HC Deb 23 March 1812 vol 22 cc146-8 146
Mr. Thompson moved the second reading of this Bill.
Mr. Wrottesley thought that it would be a hard case, in times like the present, for any man, who, by accident, might become a bankrupt, to be compelled to vacate his seat.
Mr. H. Smith could not see why persons who had suffered so severe an execution as an act of bankruptcy, should be more hardly punished than those who suf- 147 fered a less severe execution, but who were equally unable to pay their debts, The law ought to apply generally, or not at all. In the present situation of the country, the mere circumstance of becoming a bankrupt did not, in his opinion, render a man unworthy of a seat in that House. He trusted some consideration would be had for those whose bankruptcies were attributable to misfortune alone; and he declared that he had known more instances than one of bankrupts who had evinced by their conduct the highest sentiments of honour.
Mr. Lockhart thought great credit was due to the hon. gentleman who introduced this Bill into the House. So far were the provisions of it from imposing a particular hardship, that the various existing statutes, if they were strictly interpreted, would in his opinion disqualify a bankrupt from retaining his seat, and would authorise a motion for a new writ in the case of a bankruptcy. Now the proposed measure did not go to an immediate removal; but left the possibility of ultimately retaining the seat. He did not doubt that many bankrupts entertained sentiments of high honour; but such an argument as that, on that account alone, they should not vacate their seats, went against all qualifications whatever.
Mr. W. Smith contended, that the legislature had wisely declared, that a member of the House of Commons should have a certain qualification, that he might be independent of any corrupt motives. A bankrupt necessarily declared himself not worth a shilling, and were that the sole ground of objection to a bankrupts retaining his seat in parliament, he should think it amply sufficient.
Mr. Wynn observed, that the 300l. a year qualification required by the statute would be now equivalent to 1,000l. He thought it necessary to maintain the law of qualification in point of property in the elected as well as in the electors.

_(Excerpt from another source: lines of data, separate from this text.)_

(* Consider a system of $n$ equations $x_i=f_i$ ($i=1,\dots,n$) over a directed set $\mathbb D$ where all right-hand sides $f_i:(\{x_1,\dots,x_n\}\to\mathbb D)\to\mathbb D$ are monotonic, and run algorithm SRR (defined below) from an arbitrary initial mapping $\rho_0$ by calling $\mathsf{solve}(n)$. Then: (1) If $\mathbb D$ has height $h$ and $\Box=\sqcup$ is a binary upper bound operator on $\mathbb D$, then SRR terminates with a post solution after at most $n+\frac h2 n(n+1)$ evaluations of right-hand sides. (2) If $\Box=\boxdot$ (for arbitrary widening $\nabla$ and narrowing $\triangle$, and $\mathbb D$ possibly having infinite ascending chains), SRR terminates and returns a post solution.
   Context: Algorithm SRR (structured round-robin) with binary operator $\Box$, maintaining a global mapping $\rho$: the recursive procedure $\mathsf{solve}(i)$ does: if $i=0$ return; call $\mathsf{solve}(i-1)$; compute $new:=\rho[x_i]\,\Box\, f_i\,\rho$ (one evaluation of a right-hand side); if $\rho[x_i]\neq new$ then set $\rho[x_i]:=new$ and call $\mathsf{solve}(i)$. A directed set is a poset in which any two elements have an upper bound; a binary upper bound operator $\sqcup$ returns some upper bound $a\sqcup b\sqsupseteq a,b$. $\mathbb D$ has height $h$ if $h$ is the maximal length of a strictly increasing chain $d_0\sqsubset d_1\sqsubset\dots\sqsubset d_h$. Monotonic: $\rho\sqsubseteq\rho'$ pointwise implies $f\rho\sqsubseteq f\rho'$. Post solution: $\rho[x_i]\sqsupseteq f_i\rho$ for all $i$. A widening operator is a binary operator $\nabla$ on $\mathbb D$ with $a\sqsubseteq a\nabla b$ and $b\sqsubseteq a\nabla b$ for all $a,b$, such that there is no infinite sequence $a_0,a_1,\dots$ with $a_{i+1}=a_i\nabla b_i$ and $a_{i+1}\neq a_i$ for all $i$. A narrowing operator is a binary operator $\triangle$ such that $b\sqsubseteq a$ implies $b\sqsubseteq a\triangle b\sqsubseteq a$, and there is no infinite sequence with $b_i\sqsubseteq a_i$, $a_{i+1}=a_i\triangle b_i$, $a_{i+1}\ne a_i$ for all $i$. $a\boxdot b=a\triangle b$ if $b\sqsubseteq a$, else $a\nabla b$. *)

theory Defs
  imports Complex_Main
begin

text \<open>Variables x_1..x_n are the natural numbers 1..n; a mapping is a function
  nat => 'd (only the values at 1..n are relevant). Right-hand side f_i is f i.\<close>

definition directed_set :: "'d::order itself \<Rightarrow> bool" where
  "directed_set _ \<longleftrightarrow> (\<forall>a b :: 'd. \<exists>c. a \<le> c \<and> b \<le> c)"

definition upper_bound_op :: "('d::order \<Rightarrow> 'd \<Rightarrow> 'd) \<Rightarrow> bool" where
  "upper_bound_op j \<longleftrightarrow> (\<forall>a b. a \<le> j a b \<and> b \<le> j a b)"

definition strict_chain :: "(nat \<Rightarrow> 'd::order) \<Rightarrow> nat \<Rightarrow> bool" where
  "strict_chain c m \<longleftrightarrow> (\<forall>i<m. c i < c (Suc i))"

definition has_height :: "'d::order itself \<Rightarrow> nat \<Rightarrow> bool" where
  "has_height _ h \<longleftrightarrow> (\<exists>c :: nat \<Rightarrow> 'd. strict_chain c h) \<and>
     (\<forall>(c :: nat \<Rightarrow> 'd) m. strict_chain c m \<longrightarrow> m \<le> h)"

definition monotonic_rhs :: "nat \<Rightarrow> ((nat \<Rightarrow> 'd::order) \<Rightarrow> 'd) \<Rightarrow> bool" where
  "monotonic_rhs n g \<longleftrightarrow>
     (\<forall>\<rho> \<rho>'. (\<forall>j\<in>{1..n}. \<rho> j \<le> \<rho>' j) \<longrightarrow> g \<rho> \<le> g \<rho>')"

definition post_solution :: "nat \<Rightarrow> (nat \<Rightarrow> (nat \<Rightarrow> 'd::order) \<Rightarrow> 'd) \<Rightarrow> (nat \<Rightarrow> 'd) \<Rightarrow> bool" where
  "post_solution n f \<rho> \<longleftrightarrow> (\<forall>i\<in>{1..n}. f i \<rho> \<le> \<rho> i)"

definition widening :: "('d::order \<Rightarrow> 'd \<Rightarrow> 'd) \<Rightarrow> bool" where
  "widening w \<longleftrightarrow> (\<forall>a b. a \<le> w a b \<and> b \<le> w a b) \<and>
     \<not> (\<exists>(a :: nat \<Rightarrow> 'd) b. \<forall>i. a (Suc i) = w (a i) (b i) \<and> a (Suc i) \<noteq> a i)"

Mr. Lamb observed, that the Qualification Act provided, that a member should have a certain qualification when he took his seat, but further it did not go. He could not give his consent to a Bill which appeared to him to trench upon one of the first rights of the subject, namely an eligibility to sit in that House.
The Chancellor of the Exchequer allowed that the existing law was anomalous: for Irish members becoming bankrupts, vacated their seats, while English members did not; but the hon. gentleman who brought in the Bill, had introduced provisions from the Irish act, which were not applicable to the English law of bankrupts. To equalise the situation of the members of both countries in this respect, the law must be embarrassed with many provisions of a different nature. At present, the Bill appeared to him to be extremely defective. An interval of six months was allowed by it alter the bankruptcy, before the exclusion of the bankrupt from the House. In the course of that time, either by gift, bequest, or his own exertions, the bankrupt might become better qualified than when he originally entered parliament. On the whole, he thought it better to reject the Bill, than to admit it with all the embarrassing provisions with which it must necessarily be attended.
Mr. Thompson declared, that his object was to preserve, as much as possible, the independence of parliament, and to prevent persons who possessed no qualification, from sitting in that House, and making laws for the community. No doubt there were honourable bankrupts, but nine cases of bankruptcy out of ten, were attributable to folly and imprudence. A country magistrate would look shyly at a justice, who presumed to sit on the bench and admister the law, after having paid his creditors a shilling or half a crown in the pound; nor did he think such a person much more fit for a legislator.
Mr. Giddy supported the Bill, on the principle that power and property ought never to be separated; and therefore, that all members of that House ought to be duly qualified by the possession of certain property. Nothing had tended more to injure that House in the public opinion, than that bankrupts and insolvent persons had been allowed to sit among them; and he was anxious to remove this stain from their character.
The House then divided, For the second reading 22; Against it 19. Majority.